Marthe, elle, va au-devant de Jésus qui arrive. Elle lui dit la même phrase que Marie : « Si tu avais été là, mon frère ne serait pas mort » (v. 21). Cri qui est peut-être à la fois regret, reproche, comme pour Marie. Mais qui peut être appel et confiance, comme pour Marthe qui poursuit : « Je sais que tout ce que tu demanderas à Dieu, Dieu te le donnera » (v. 22). A cet endroit de sa vie, au cœur de son deuil, de ses regrets, de sa révolte, de sa confiance, Jésus la fait cheminer en lui parlant de la résurrection.

En lui posant la question centrale : « Crois-tu cela ? » (v. 26), il la fait passer du « je sais » au « je crois ». Du « je sais » de la répétition de formules traditionnelles : « Je sais que Lazare ressuscitera lors de la résurrection, au dernier jour » (v. 24) au « je crois » de l’implication existentielle personnelle : « Je crois que tu es le Christ, le Fils de Dieu, celui qui vient dans le monde » (v. 27). Magnifique confession de foi !

Déplacement du « je sais » au « je crois », c’est-à-dire de la croyance à la confiance. Déplacement du dernier jour à l’aujourd’hui de la foi.

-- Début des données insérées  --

(* Let $E$, $D$, $S$ be binary random variables taking values in $\{0,1\}$ such that every joint cell probability $P(E=e,D=d,S=s)$ is positive, and write $p(d,e)=P(S=1\mid D=d,E=e)$. Suppose there is no interaction of $E$ and $D$ on $S$ on the odds ratio scale, i.e. $\mathrm{OR}_{ES\mid D=1}=\mathrm{OR}_{ES\mid D=0}$. (a) If $p(d,e)$ is non-decreasing in both $d$ and $e$, or non-increasing in both $d$ and $e$, then $\mathrm{OR}_{ED\mid S=1}\le \mathrm{OR}_{ED}$. (b) If $p(d,e)$ is non-decreasing in one of $d,e$ and non-increasing in the other, then $\mathrm{OR}_{ED\mid S=1}\ge \mathrm{OR}_{ED}$.
   Context: For binary random variables $A,B$ and a random variable $C$, $\mathrm{OR}_{AB\mid C=c}=\frac{P(A=1,B=1\mid C=c)P(A=0,B=0\mid C=c)}{P(A=1,B=0\mid C=c)P(A=0,B=1\mid C=c)}$, and $\mathrm{OR}_{AB}$ is the unconditional version. "Non-decreasing in $d$" means $p(1,e)\ge p(0,e)$ for each $e\in\{0,1\}$; "non-decreasing in $e$" means $p(d,1)\ge p(d,0)$ for each $d\in\{0,1\}$; non-increasing analogously. *)

theory Defs
  imports Complex_Main
begin

text \<open>A joint distribution of three binary random variables E, D, S with values in {0,1}
  is given by its cell probabilities  q e d s = P(E=e, D=d, S=s).\<close>

definition joint_dist3 :: "(nat \<Rightarrow> nat \<Rightarrow> nat \<Rightarrow> real) \<Rightarrow> bool" where
  "joint_dist3 q \<longleftrightarrow>
     (\<forall>e\<in>{0,1}. \<forall>d\<in>{0,1}. \<forall>s\<in>{0,1}. q e d s \<ge> 0) \<and>
     (\<Sum>e\<in>{0::nat,1}. \<Sum>d\<in>{0::nat,1}. \<Sum>s\<in>{0::nat,1}. q e d s) = 1"

definition odds_ratio :: "(nat \<Rightarrow> nat \<Rightarrow> real) \<Rightarrow> real" where
  "odds_ratio f = (f 1 1 * f 0 0) / (f 1 0 * f 0 1)"

definition PD :: "(nat \<Rightarrow> nat \<Rightarrow> nat \<Rightarrow> real) \<Rightarrow> nat \<Rightarrow> real" where
  "PD q d = (\<Sum>e\<in>{0::nat,1}. \<Sum>s\<in>{0::nat,1}. q e d s)"

definition PS :: "(nat \<Rightarrow> nat \<Rightarrow> nat \<Rightarrow> real) \<Rightarrow> nat \<Rightarrow> real" where
  "PS q s = (\<Sum>e\<in>{0::nat,1}. \<Sum>d\<in>{0::nat,1}. q e d s)"

definition OR_ES_given_D :: "(nat \<Rightarrow> nat \<Rightarrow> nat \<Rightarrow> real) \<Rightarrow> nat \<Rightarrow> real" where
  "OR_ES_given_D q d = odds_ratio (\<lambda>e s. q e d s / PD q d)"

definition OR_ED_given_S :: "(nat \<Rightarrow> nat \<Rightarrow> nat \<Rightarrow> real) \<Rightarrow> nat \<Rightarrow> real" where
  "OR_ED_given_S q s = odds_ratio (\<lambda>e d. q e d s / PS q s)"

definition OR_ED :: "(nat \<Rightarrow> nat \<Rightarrow> nat \<Rightarrow> real) \<Rightarrow> real" where
  "OR_ED q = odds_ratio (\<lambda>e d. q e d 0 + q e d 1)"

definition pS :: "(nat \<Rightarrow> nat \<Rightarrow> nat \<Rightarrow> real) \<Rightarrow> nat \<Rightarrow> nat \<Rightarrow> real" where
  "pS q d e = q e d 1 / (q e d 0 + q e d 1)"

definition nondec_d :: "(nat \<Rightarrow> nat \<Rightarrow> real) \<Rightarrow> bool" where
  "nondec_d p \<longleftrightarrow> (\<forall>e\<in>{0,1}. p 1 e \<ge> p 0 e)"
definition nondec_e :: "(nat \<Rightarrow> nat \<Rightarrow> real) \<Rightarrow> bool" where
  "nondec_e p \<longleftrightarrow> (\<forall>d\<in>{0,1}. p d 1 \<ge> p d 0)"
definition noninc_d :: "(nat \<Rightarrow> nat \<Rightarrow> real) \<Rightarrow> bool" where
  "noninc_d p \<longleftrightarrow> (\<forall>e\<in>{0,1}. p 1 e \<le> p 0 e)"
definition noninc_e :: "(nat \<Rightarrow> nat \<Rightarrow> real) \<Rightarrow> bool" where
  "noninc_e p \<longleftrightarrow> (\<forall>d\<in>{0,1}. p d 1 \<le> p d 0)"

end

theory Submission
  imports Defs
begin

text \<open>Write \<open>o(d,e)\<close> for the odds of \<open>S = 1\<close> given \<open>D = d, E = e\<close>. Odds ratios are multiplicative
  in the cells and \<open>P(E,D,S=1) = o \<cdot> P(E,D,S=0)\<close>, so no interaction (the table \<open>o\<close> has odds
  ratio 1) gives \<open>OR_{ED|S=1} = OR_{ED|S=0}\<close>, while \<open>OR_ED = OR(1 + o) \<cdot> OR_{ED|S=0}\<close>. Because
  \<open>o\<^sub>11 o\<^sub>00 = o\<^sub>10 o\<^sub>01\<close>, \<open>OR(1 + o) \<ge> 1\<close> iff \<open>o\<^sub>10 + o\<^sub>01 \<le> o\<^sub>11 + o\<^sub>00\<close>. Since \<open>p = o/(1 + o)\<close>,
  the monotonicity hypotheses say where the largest odds sits: on the diagonal in case (a),
  off the diagonal in case (b); and if \<open>a d = b c\<close> with \<open>a\<close> the largest, then
  \<open>a (a + d - b - c) = (a - b)(a - c) \<ge> 0\<close>.\<close>

definition odds :: "(nat \<Rightarrow> nat \<Rightarrow> nat \<Rightarrow> real) \<Rightarrow> nat \<Rightarrow> nat \<Rightarrow> real" where
  "odds q d e = q e d 1 / q e d 0"

lemma add_le_add_if_mult_eq_and_max:
  fixes a b c d :: real
  assumes "a * d = b * c" and "b \<le> a" and "c \<le> a" and "0 < a"
  shows "b + c \<le> a + d"
proof -
  have "0 \<le> (a - b) * (a - c)" using assms(2,3) by simp
  also have "\<dots> = a * (a + d - b - c)" using assms(1) by (simp add: algebra_simps)
  finally show ?thesis using assms(4) by (simp add: zero_le_mult_iff)
qed

lemma odds_ratio_mult: "odds_ratio (\<lambda>a b. f a b * g a b) = odds_ratio f * odds_ratio g"
  by (simp add: odds_ratio_def ac_simps)

lemma odds_ratio_divide_const:
  assumes "c \<noteq> 0"
  shows "odds_ratio (\<lambda>a b. f a b / c) = odds_ratio f"
  using assms by (simp add: odds_ratio_def)

lemma odds_ratio_transpose: "odds_ratio (\<lambda>a b. f b a) = odds_ratio f"
  by (simp add: odds_ratio_def ac_simps)

lemma odds_ratio_add_one_eq:
  fixes p :: "nat \<Rightarrow> nat \<Rightarrow> real"
  assumes "p 1 1 * p 0 0 = p 1 0 * p 0 1"
  shows "odds_ratio (\<lambda>a b. 1 + p a b)
           = (1 + (p 1 1 + p 0 0) + p 1 0 * p 0 1) / (1 + (p 1 0 + p 0 1) + p 1 0 * p 0 1)"
  using assms by (simp add: odds_ratio_def algebra_simps)

lemma one_le_odds_ratio_add_one_if_concordant:
  fixes p :: "nat \<Rightarrow> nat \<Rightarrow> real"
  assumes pos: "\<forall>d\<in>{0,1}. \<forall>e\<in>{0,1}. p d e > 0"
    and cross: "p 1 1 * p 0 0 = p 1 0 * p 0 1"
    and "(nondec_d p \<and> nondec_e p) \<or> (noninc_d p \<and> noninc_e p)"
  shows "1 \<le> odds_ratio (\<lambda>a b. 1 + p a b)"
proof -
  have "p 1 0 + p 0 1 \<le> p 1 1 + p 0 0"
    using assms(3) pos add_le_add_if_mult_eq_and_max[OF cross]
      add_le_add_if_mult_eq_and_max[of "p 0 0" "p 1 1" "p 1 0" "p 0 1"] cross
    by (auto simp: nondec_d_def nondec_e_def noninc_d_def noninc_e_def ac_simps)
  moreover have "0 < 1 + (p 1 0 + p 0 1) + p 1 0 * p 0 1" using pos by (simp add: add_pos_pos)
  ultimately show ?thesis by (simp add: odds_ratio_add_one_eq[OF cross])
qed

lemma odds_ratio_add_one_le_one_if_discordant:
  fixes p :: "nat \<Rightarrow> nat \<Rightarrow> real"
  assumes pos: "\<forall>d\<in>{0,1}. \<forall>e\<in>{0,1}. p d e > 0"
    and cross: "p 1 1 * p 0 0 = p 1 0 * p 0 1"
    and "(nondec_d p \<and> noninc_e p) \<or> (noninc_d p \<and> nondec_e p)"
  shows "odds_ratio (\<lambda>a b. 1 + p a b) \<le> 1"
proof -
  have "p 1 1 + p 0 0 \<le> p 1 0 + p 0 1"
    using assms(3) pos cross
      add_le_add_if_mult_eq_and_max[of "p 1 0" "p 0 1" "p 1 1" "p 0 0"]
      add_le_add_if_mult_eq_and_max[of "p 0 1" "p 1 0" "p 1 1" "p 0 0"]
    by (auto simp: nondec_d_def nondec_e_def noninc_d_def noninc_e_def ac_simps)
  moreover have "0 < 1 + (p 1 0 + p 0 1) + p 1 0 * p 0 1" using pos by (simp add: add_pos_pos)
  ultimately show ?thesis by (simp add: odds_ratio_add_one_eq[OF cross])
qed

lemma pS_le_pS_iff_odds_le:
  assumes "0 < q e d 0" "0 < q e d 1" "0 < q e' d' 0" "0 < q e' d' 1"
  shows "pS q d e \<le> pS q d' e' \<longleftrightarrow> odds q d e \<le> odds q d' e'"
proof -
  have "pS q d e \<le> pS q d' e' \<longleftrightarrow> q e d 1 * q e' d' 0 \<le> q e' d' 1 * q e d 0"
    using assms by (simp add: pS_def divide_simps algebra_simps)
  also have "\<dots> \<longleftrightarrow> odds q d e \<le> odds q d' e'"
    using assms by (simp add: odds_def divide_simps)
  finally show ?thesis .
qed

lemma monotone_pS_iff_monotone_odds:
  assumes pos: "\<forall>e\<in>{0,1}. \<forall>d\<in>{0,1}. \<forall>s\<in>{0,1}. q e d s > 0"
  shows "nondec_d (pS q) \<longleftrightarrow> nondec_d (odds q)" "nondec_e (pS q) \<longleftrightarrow> nondec_e (odds q)"
    and "noninc_d (pS q) \<longleftrightarrow> noninc_d (odds q)" "noninc_e (pS q) \<longleftrightarrow> noninc_e (odds q)"
  using pos by (auto simp: nondec_d_def nondec_e_def noninc_d_def noninc_e_def pS_le_pS_iff_odds_le)

lemma odds_pos:
  assumes "\<forall>e\<in>{0,1}. \<forall>d\<in>{0,1}. \<forall>s\<in>{0,1}. q e d s > 0"
  shows "\<forall>d\<in>{0,1}. \<forall>e\<in>{0,1}. odds q d e > 0"
  using assms by (simp add: odds_def)

lemma OR_ES_given_D_eq:
  assumes "\<forall>e\<in>{0,1}. \<forall>s\<in>{0,1}. q e d s > 0"
  shows "OR_ES_given_D q d = odds q d 1 / odds q d 0"
proof -
  have "PD q d \<noteq> 0" using assms by (simp add: PD_def add_pos_pos)
  then show ?thesis
    using assms by (simp add: OR_ES_given_D_def odds_ratio_divide_const odds_ratio_def odds_def)
qed

lemma odds_cross_product_eq_if_no_interaction:
  assumes pos: "\<forall>e\<in>{0,1}. \<forall>d\<in>{0,1}. \<forall>s\<in>{0,1}. q e d s > 0"
    and "OR_ES_given_D q 1 = OR_ES_given_D q 0"
  shows "odds q 1 1 * odds q 0 0 = odds q 1 0 * odds q 0 1"
proof -
  have "odds q 1 1 / odds q 1 0 = odds q 0 1 / odds q 0 0"
    using assms by (simp add: OR_ES_given_D_eq)
  then show ?thesis using odds_pos[OF pos] by (simp add: divide_simps)
qed

lemma odds_ratio_cells_via_odds:
  assumes "\<forall>e\<in>{0,1}. \<forall>d\<in>{0,1}. \<forall>s\<in>{0,1}. q e d s > 0"
  shows "odds_ratio (\<lambda>e d. q e d 1) = odds_ratio (\<lambda>e d. odds q d e * q e d 0)"
    and "odds_ratio (\<lambda>e d. q e d 0 + q e d 1) = odds_ratio (\<lambda>e d. (1 + odds q d e) * q e d 0)"
  using assms by (simp_all add: odds_ratio_def odds_def algebra_simps)

lemma OR_ED_given_S_one_eq:
  assumes pos: "\<forall>e\<in>{0,1}. \<forall>d\<in>{0,1}. \<forall>s\<in>{0,1}. q e d s > 0"
  shows "OR_ED_given_S q 1 = odds_ratio (odds q) * odds_ratio (\<lambda>e d. q e d 0)"
proof -
  have "PS q 1 \<noteq> 0" using pos by (simp add: PS_def add_pos_pos)
  then have "OR_ED_given_S q 1 = odds_ratio (\<lambda>e d. q e d 1)"
    by (simp add: OR_ED_given_S_def odds_ratio_divide_const)
  also have "\<dots> = odds_ratio (\<lambda>e d. odds q d e * q e d 0)"
    using odds_ratio_cells_via_odds[OF pos] by simp
  finally show ?thesis by (simp only: odds_ratio_mult odds_ratio_transpose[of "odds q"])
qed

lemma OR_ED_eq:
  assumes "\<forall>e\<in>{0,1}. \<forall>d\<in>{0,1}. \<forall>s\<in>{0,1}. q e d s > 0"
  shows "OR_ED q = odds_ratio (\<lambda>d e. 1 + odds q d e) * odds_ratio (\<lambda>e d. q e d 0)"
proof -
  have "OR_ED q = odds_ratio (\<lambda>e d. (1 + odds q d e) * q e d 0)"
    using odds_ratio_cells_via_odds[OF assms] by (simp add: OR_ED_def)
  then show ?thesis by (simp only: odds_ratio_mult odds_ratio_transpose[of "\<lambda>d e. 1 + odds q d e"])
qed

theorem mainTheorem2:
  fixes q :: "nat \<Rightarrow> nat \<Rightarrow> nat \<Rightarrow> real"
  assumes dist: "joint_dist3 q"
    and pos: "\<forall>e\<in>{0,1}. \<forall>d\<in>{0,1}. \<forall>s\<in>{0,1}. q e d s > 0"
    and noint: "OR_ES_given_D q 1 = OR_ES_given_D q 0"
  shows "((nondec_d (pS q) \<and> nondec_e (pS q)) \<or> (noninc_d (pS q) \<and> noninc_e (pS q))
            \<longrightarrow> OR_ED_given_S q 1 \<le> OR_ED q)
       \<and> ((nondec_d (pS q) \<and> noninc_e (pS q)) \<or> (noninc_d (pS q) \<and> nondec_e (pS q))
            \<longrightarrow> OR_ED_given_S q 1 \<ge> OR_ED q)"
proof -
  define R0 where "R0 = odds_ratio (\<lambda>e d. q e d 0)"
  define A where "A = odds_ratio (\<lambda>d e. 1 + odds q d e)"
  have cross: "odds q 1 1 * odds q 0 0 = odds q 1 0 * odds q 0 1"
    using odds_cross_product_eq_if_no_interaction[OF pos noint] .
  have "odds_ratio (odds q) = 1"
    using cross odds_pos[OF pos] by (simp add: odds_ratio_def)
  then have S1: "OR_ED_given_S q 1 = R0" and S: "OR_ED q = A * R0"
    using OR_ED_given_S_one_eq[OF pos] OR_ED_eq[OF pos] by (simp_all add: R0_def A_def)
  have "R0 > 0" using pos by (simp add: R0_def odds_ratio_def)
  then show ?thesis
    unfolding S1 S monotone_pS_iff_monotone_odds[OF pos] A_def
    using one_le_odds_ratio_add_one_if_concordant[OF odds_pos[OF pos] cross]
      odds_ratio_add_one_le_one_if_discordant[OF odds_pos[OF pos] cross]
    by (simp add: mult_le_cancel_right2 mult_le_cancel_right1)
qed

end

Déplacement de la nostalgie de la vie de Lazare à la relation au Christ vivant. Déplacement auquel nous sommes appelés, chacun et ensemble. Récit de passage. Récit où Lazare passe de la mort à la vie, Jésus passe des larmes à l’appel à l’espérance, Marthe passe à l’abandon de toute certitude confortable mais enfermante à l’aventure de la foi, à la joie de la confiance.

Comment croire en la résurrection ? Comment faire confiance en la vie ? Aujourd’hui, nous sommes appelés à être Marthe. A poser notre vie dans un regard tourné vers Jésus, le Christ, le Fils de Dieu, celui qui vient au monde, celui qui est la résurrection et la vie.

Aujourd’hui nous sommes à Béthanie. Béthanie, en hébreu cela veut dire « Maison du pauvre », « Maison de la misère », « Maison de l’affligé », « Maison de la tristesse ». Cela peut vouloir dire aussi « Maison de miséricorde », « Maison de grâce », « Maison de bénédiction »[4]. Béthanie, ou l’Evangile de miséricorde, de grâce et de bénédiction qui surgit au milieu de nos misères !

Que Jésus-Christ, qui a ramené Lazare à la vie et Marthe de la tristesse à la foi, nous entraîne, à leur suite, dans la vie, aujourd’hui, demain, chaque jour, pour que nous en soyons contagieux autour de nous !

Amen.

 

[1] בַּיִת – bayith – maison + עָנִי – `aniy – pauvre, faible, humilié.

[2] Dérivé du nom אֶלעָזָר – ’El`azar, de אֵל – ’el – Dieu (divinité) + עָזַר – `azar – aider.

[3] יֵשׁוַּע – Yeshuwa`, de יְהוֹוָה – Yahvé – Dieu (nom propre) + יָשַׁע – yasha` – sauver.

[4] בַּיִת – bayith – maison + חַנָּה – Channah – Grâce, faveur, prénom « Anne ».